__Work task__.
Search the data for lines holding the word "open". State how many there are, and nothing else.

__Entries supplied__.
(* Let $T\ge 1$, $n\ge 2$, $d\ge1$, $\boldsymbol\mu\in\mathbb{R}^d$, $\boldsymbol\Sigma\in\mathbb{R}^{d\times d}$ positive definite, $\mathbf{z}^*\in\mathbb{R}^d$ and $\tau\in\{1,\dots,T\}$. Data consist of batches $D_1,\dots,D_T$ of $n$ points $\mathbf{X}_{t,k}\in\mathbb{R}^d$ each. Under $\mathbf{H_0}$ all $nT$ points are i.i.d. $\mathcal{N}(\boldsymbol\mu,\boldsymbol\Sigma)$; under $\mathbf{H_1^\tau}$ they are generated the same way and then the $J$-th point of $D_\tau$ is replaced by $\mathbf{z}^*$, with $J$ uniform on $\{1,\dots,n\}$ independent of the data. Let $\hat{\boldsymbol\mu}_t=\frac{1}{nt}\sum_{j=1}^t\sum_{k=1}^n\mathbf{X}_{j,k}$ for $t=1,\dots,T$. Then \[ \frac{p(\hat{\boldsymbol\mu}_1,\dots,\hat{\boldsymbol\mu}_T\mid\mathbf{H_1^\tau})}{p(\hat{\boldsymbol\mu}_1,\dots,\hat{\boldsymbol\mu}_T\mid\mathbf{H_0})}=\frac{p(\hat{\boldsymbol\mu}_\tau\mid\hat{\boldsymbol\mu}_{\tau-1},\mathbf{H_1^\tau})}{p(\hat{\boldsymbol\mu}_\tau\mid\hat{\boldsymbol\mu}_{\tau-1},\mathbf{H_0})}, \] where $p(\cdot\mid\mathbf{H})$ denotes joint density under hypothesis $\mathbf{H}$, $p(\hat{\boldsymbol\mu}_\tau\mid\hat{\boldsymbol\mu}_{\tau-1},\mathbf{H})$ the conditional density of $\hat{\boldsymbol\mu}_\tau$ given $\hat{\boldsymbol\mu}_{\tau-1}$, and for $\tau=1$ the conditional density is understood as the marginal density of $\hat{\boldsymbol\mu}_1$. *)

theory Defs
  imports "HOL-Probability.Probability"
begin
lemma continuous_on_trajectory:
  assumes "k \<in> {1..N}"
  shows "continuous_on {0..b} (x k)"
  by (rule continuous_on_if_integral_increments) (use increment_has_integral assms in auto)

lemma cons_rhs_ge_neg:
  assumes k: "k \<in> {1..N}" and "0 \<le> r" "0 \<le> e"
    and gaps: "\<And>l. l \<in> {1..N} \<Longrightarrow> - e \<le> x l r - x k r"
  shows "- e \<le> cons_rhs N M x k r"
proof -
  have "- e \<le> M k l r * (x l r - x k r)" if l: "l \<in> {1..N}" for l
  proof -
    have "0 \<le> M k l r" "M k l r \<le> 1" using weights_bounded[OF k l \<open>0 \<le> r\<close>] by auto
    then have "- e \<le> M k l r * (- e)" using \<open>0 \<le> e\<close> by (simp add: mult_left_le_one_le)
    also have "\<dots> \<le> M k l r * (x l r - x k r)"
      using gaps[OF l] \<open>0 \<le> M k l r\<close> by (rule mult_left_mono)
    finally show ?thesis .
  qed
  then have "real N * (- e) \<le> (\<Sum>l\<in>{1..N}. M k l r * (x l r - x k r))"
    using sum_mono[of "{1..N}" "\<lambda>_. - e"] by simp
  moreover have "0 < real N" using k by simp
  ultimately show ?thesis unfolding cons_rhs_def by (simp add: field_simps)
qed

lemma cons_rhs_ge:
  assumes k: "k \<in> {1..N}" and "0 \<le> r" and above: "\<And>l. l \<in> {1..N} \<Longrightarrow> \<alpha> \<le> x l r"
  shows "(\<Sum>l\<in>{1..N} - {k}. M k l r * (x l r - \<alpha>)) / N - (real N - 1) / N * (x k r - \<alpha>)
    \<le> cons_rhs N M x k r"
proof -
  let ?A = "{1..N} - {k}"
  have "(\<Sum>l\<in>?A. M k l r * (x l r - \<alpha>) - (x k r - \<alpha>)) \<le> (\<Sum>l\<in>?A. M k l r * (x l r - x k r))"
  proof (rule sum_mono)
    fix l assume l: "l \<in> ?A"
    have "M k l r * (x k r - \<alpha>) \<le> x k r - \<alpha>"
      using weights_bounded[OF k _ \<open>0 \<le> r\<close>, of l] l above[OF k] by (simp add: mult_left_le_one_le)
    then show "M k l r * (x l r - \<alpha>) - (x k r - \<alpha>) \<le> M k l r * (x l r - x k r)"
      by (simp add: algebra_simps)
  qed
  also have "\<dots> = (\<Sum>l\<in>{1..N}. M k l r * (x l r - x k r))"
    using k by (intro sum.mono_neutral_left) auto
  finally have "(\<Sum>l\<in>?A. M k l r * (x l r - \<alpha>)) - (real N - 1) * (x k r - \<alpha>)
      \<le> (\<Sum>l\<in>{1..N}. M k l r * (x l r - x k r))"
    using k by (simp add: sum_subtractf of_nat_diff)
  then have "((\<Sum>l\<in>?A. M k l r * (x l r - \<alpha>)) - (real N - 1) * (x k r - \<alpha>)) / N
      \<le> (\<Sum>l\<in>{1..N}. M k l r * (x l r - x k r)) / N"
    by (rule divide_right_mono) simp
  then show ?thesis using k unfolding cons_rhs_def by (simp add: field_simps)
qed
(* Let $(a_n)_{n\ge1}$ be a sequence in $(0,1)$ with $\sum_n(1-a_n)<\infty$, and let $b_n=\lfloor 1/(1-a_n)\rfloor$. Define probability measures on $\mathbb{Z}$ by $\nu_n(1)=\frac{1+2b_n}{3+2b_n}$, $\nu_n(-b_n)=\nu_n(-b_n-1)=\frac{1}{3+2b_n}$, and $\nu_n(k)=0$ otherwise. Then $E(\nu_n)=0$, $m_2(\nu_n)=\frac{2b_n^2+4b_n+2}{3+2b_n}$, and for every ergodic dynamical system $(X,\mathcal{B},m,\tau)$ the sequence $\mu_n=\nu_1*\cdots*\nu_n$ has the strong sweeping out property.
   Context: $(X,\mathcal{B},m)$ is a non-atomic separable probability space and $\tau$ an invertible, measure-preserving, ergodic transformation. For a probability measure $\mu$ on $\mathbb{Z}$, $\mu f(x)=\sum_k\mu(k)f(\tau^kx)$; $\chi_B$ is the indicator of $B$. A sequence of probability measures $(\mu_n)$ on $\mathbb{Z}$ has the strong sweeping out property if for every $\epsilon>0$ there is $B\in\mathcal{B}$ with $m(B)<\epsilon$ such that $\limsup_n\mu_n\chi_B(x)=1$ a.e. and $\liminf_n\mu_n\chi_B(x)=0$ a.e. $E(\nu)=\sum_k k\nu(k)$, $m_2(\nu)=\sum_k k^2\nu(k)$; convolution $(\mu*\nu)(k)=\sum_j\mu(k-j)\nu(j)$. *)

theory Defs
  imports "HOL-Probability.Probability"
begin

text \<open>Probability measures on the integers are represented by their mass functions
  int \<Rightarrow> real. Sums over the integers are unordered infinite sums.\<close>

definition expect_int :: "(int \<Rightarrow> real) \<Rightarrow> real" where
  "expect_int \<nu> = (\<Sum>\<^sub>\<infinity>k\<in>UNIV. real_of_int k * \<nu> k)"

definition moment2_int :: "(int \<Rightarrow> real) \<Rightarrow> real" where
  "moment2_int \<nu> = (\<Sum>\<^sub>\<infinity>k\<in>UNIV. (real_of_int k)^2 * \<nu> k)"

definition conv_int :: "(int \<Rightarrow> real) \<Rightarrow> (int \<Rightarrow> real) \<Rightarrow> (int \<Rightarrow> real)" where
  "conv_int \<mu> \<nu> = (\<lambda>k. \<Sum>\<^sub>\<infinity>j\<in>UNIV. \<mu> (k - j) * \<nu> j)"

__Reply__.
5